§ Assignment: Scan the material below and copy every line holding the word "assumes".

§ Stored data:
lemma weak_bck_E: "weak_bck E"
  unfolding weak_bck_def is_subuniverse_def car_E opr_E zer_E
proof (intro conjI ballI impI subset_refl zero_in_T)
  fix x assume x: "x \<in> T"
  show "x \<ominus>\<^sub>T Some (zer A) = x" by (rule tree_op_zero[OF x])
  show "Some (zer A) \<ominus>\<^sub>T x = Some (zer A)" by (rule zero_tree_op)
  show "x \<ominus>\<^sub>T x = Some (zer A)" by (rule tree_op_self[OF x])
  fix y assume y: "y \<in> T"
  show "x \<ominus>\<^sub>T y \<in> T" by (rule tree_op_closed[OF x])
  assume "x \<ominus>\<^sub>T y = Some (zer A) \<and> y \<ominus>\<^sub>T x = Some (zer A)"
  then show "x = y"
    using tree.antisym[OF x y] below_if_tree_op_zero[OF x y] below_if_tree_op_zero[OF y x] by blast
qed

lemma finite_car_E: "finite (car E)"
  unfolding car_E by (rule tree.finite_T)

lemma iterated_diff_vanishes_E: "iterated_diff_vanishes E (card T)"
  unfolding iterated_diff_vanishes_def car_E opr_E zer_E
proof (intro ballI impI)
  fix g x assume g: "g \<in> T" "g \<noteq> Some (zer A)" and x: "x \<in> T"
  show "((\<lambda>y. y \<ominus>\<^sub>T g) ^^ card T) x = Some (zer A)"
    by (rule funpow_reaches_fixpoint[where S = T and \<mu> = tree.height])
      (use g x zero_tree_op tree_op_closed height_tree_op_less tree.height_le_card in auto)
qed

lemma eval_E_Some:
  assumes "\<forall>i. w i \<in> Some ` B"
  shows "eval E w r = Some (eval A (\<lambda>i. the (w i)) r)"
proof (induction r)
  case (Var i)
  obtain b where "w i = Some b" using assms by blast
  then show ?case by simp
next
  case Zero
  show ?case by (simp add: zer_E)
next
  case (Minus r r')
  have "\<forall>i. the (w i) \<in> B" using assms by (metis imageE option.sel)
  then have "eval A (\<lambda>i. the (w i)) r \<in> B" "eval A (\<lambda>i. the (w i)) r' \<in> B"
    using eval_in_subuniverse[OF subuniverse_B, of "\<lambda>i. the (w i)"] by simp_all
  then show ?case using Minus tree_op_Some by (simp add: opr_E)
qed

end


section \<open>Covers\<close>

locale cover = extension A B a for A :: "'a alg" and B a +
  fixes D :: "'a option set"
  assumes subuniverse_D: "is_subuniverse (ext_alg A B a) D" and None_in_D: "None \<in> D"
    and not_embeddable: "\<not> iso_to_sub (subalg (ext_alg A B a) D) A"
    and minimal: "\<forall>D'. is_subuniverse (ext_alg A B a) D' \<and> None \<in> D' \<and>
       \<not> iso_to_sub (subalg (ext_alg A B a) D') A \<longrightarrow> D \<subseteq> D'"
begin

abbreviation C :: "'a option alg" where "C \<equiv> subalg E D"

lemma car_C: "car C = D" and zer_C: "zer C = Some (zer A)"
  unfolding subalg_def zer_E by simp_all

lemma weak_bck_C: "weak_bck C"
  by (rule weak_bck_subalg[OF weak_bck_E subuniverse_D])

lemma iterated_diff_vanishes_C: "iterated_diff_vanishes C (card T)"
  by (rule iterated_diff_vanishes_subalg[OF iterated_diff_vanishes_E subuniverse_D])

lemma finite_car_C: "finite (car C)"
  using subuniverse_D finite_car_E finite_subset unfolding car_C is_subuniverse_def by blast

lemma not_Ids_le_Ids_C: "\<not> Ids A \<subseteq> Ids C"
  using iso_to_sub_if_Ids_le[OF weak_bck finite_carrier iterated_diff_vanishes
      weak_bck_C finite_car_C iterated_diff_vanishes_C, of None]
    None_in_D not_embeddable unfolding car_C zer_C by blast

text \<open>By minimality of \<open>D\<close>, \<open>C\<close> is generated by any assignment separating an identity of \<open>A\<close>: the
  subalgebra it generates contains \<open>c = None\<close> (otherwise it would lie in \<open>B\<close>, a subalgebra of
  \<open>A\<close>) and is not isomorphic to a subalgebra of \<open>A\<close>.\<close>

lemma car_C_subset_generated:
  assumes w: "w \<in> assignments C n" and st: "(s, t) \<in> Ids A" "eval C w s \<noteq> eval C w t"
  shows "car C \<subseteq> generated C w n"
proof -
  let ?G = "generated C w n"
  have w_C: "\<forall>i. w i \<in> car C" using assignment_in_car[OF weak_bck_closed[OF weak_bck_C] w] by blast
  have "is_subuniverse C ?G" by (rule subuniverse_generated[OF weak_bck_closed[OF weak_bck_C] w_C])
  then have G: "is_subuniverse E ?G" by (rule subuniverse_of_subalg[OF subuniverse_D])
  have w_G: "w i \<in> ?G" for i by (rule assignment_in_generated[OF w])
  have "None \<in> ?G"
  proof (rule ccontr)
    assume None: "None \<notin> ?G"
    have "w i \<in> Some ` B" for i
    proof -
      have "w i \<in> T" using w_G G unfolding is_subuniverse_def car_E by blast
      moreover have "w i \<noteq> None" using w_G None by metis
      ultimately show ?thesis by simp
    qed
    then have "\<forall>i. the (w i) \<in> car A" using in_car_if_in_B by (metis imageE option.sel)
    then have "eval A (\<lambda>i. the (w i)) s = eval A (\<lambda>i. the (w i)) t"
      using st(1) unfolding Ids_def by simp
    then have "eval E w s = eval E w t" using eval_E_Some \<open>\<And>i. w i \<in> Some ` B\<close> by simp
    then show False using st(2) by (simp add: eval_subalg)
  qed
  moreover have "\<not> iso_to_sub (subalg E ?G) A"
  proof
    assume "iso_to_sub (subalg E ?G) A"
    moreover have "closed (subalg E ?G)" using G unfolding is_subuniverse_def subalg_def by simp
    ultimately have "(s, t) \<in> Ids (subalg E ?G)" using Ids_le_if_iso_to_sub st(1) by blast
    then have "eval (subalg E ?G) w s = eval (subalg E ?G) w t"
      using w_G unfolding Ids_def by (simp add: subalg_def)
    then show False using st(2) by (simp add: eval_subalg)
  qed
  ultimately show ?thesis using minimal G unfolding car_C by blast
qed

lemma Ids_le_Ids_C_of_intermediate:
  fixes K :: "'b alg"
  assumes K: "is_cBCK K" and between: "Ids A \<inter> Ids C \<subseteq> Ids K"
    and st: "(s, t) \<in> Ids A" "(s, t) \<notin> Ids K"
  shows "Ids K \<subseteq> Ids C"
proof -
  have weak_K: "weak_bck K" by (rule cbck.weak_bck[OF cbck.intro[OF K]])
  obtain v d where v: "\<forall>i. v i \<in> car K" and d: "d = Minus s t \<or> d = Minus t s"
    and d_nonzero: "eval K v d \<noteq> zer K"
    using exists_nonzero_difference[OF weak_K st(2)] by blast
  have "finite (vars s \<union> vars t)" using finite_vars by simp
  then obtain n where "\<forall>i\<in>vars s \<union> vars t. i < n" using finite_nat_set_iff_bounded by blast
  then have vars_d: "vars d \<subseteq> {..<n}" using d by auto
  have identities: "(minus_list d gs, Zero) \<in> Ids K" if "(minus_list d gs, Zero) \<in> Ids C" for gs
    using between minus_list_difference_in_Ids[OF weak_bck st(1) d] that by blast
  obtain w where w: "w \<in> assignments C n" "eval C w d \<noteq> zer C"
    and vanishing: "vanishing_terms K v n \<subseteq> vanishing_terms C w n"
    using exists_separating_assignment[OF weak_bck_C finite_car_C iterated_diff_vanishes_C weak_K v
        vars_d d_nonzero identities] by blast
  have w_C: "\<forall>i. w i \<in> car C"
    using assignment_in_car[OF weak_bck_closed[OF weak_bck_C] w(1)] by blast
  have "eval C w s \<noteq> eval C w t"
    using d w(2) weak_bck_diff_self[OF weak_bck_C]
      eval_in_subuniverse[OF weak_bck_closed[OF weak_bck_C] w_C]
    by auto
  then have "car C \<subseteq> generated C w n" using car_C_subset_generated[OF w(1) st(1)] by blast
  then show ?thesis
    using Ids_le_if_generated_image[OF weak_bck_closed[OF weak_K] v]
      eval_eq_transfer[OF weak_bck_C w_C weak_K v vanishing] by blast
qed

end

§ The completed task:
  assumes "\<forall>i. w i \<in> Some ` B"
  assumes subuniverse_D: "is_subuniverse (ext_alg A B a) D" and None_in_D: "None \<in> D"
  assumes w: "w \<in> assignments C n" and st: "(s, t) \<in> Ids A" "eval C w s \<noteq> eval C w t"
  assumes K: "is_cBCK K" and between: "Ids A \<inter> Ids C \<subseteq> Ids K"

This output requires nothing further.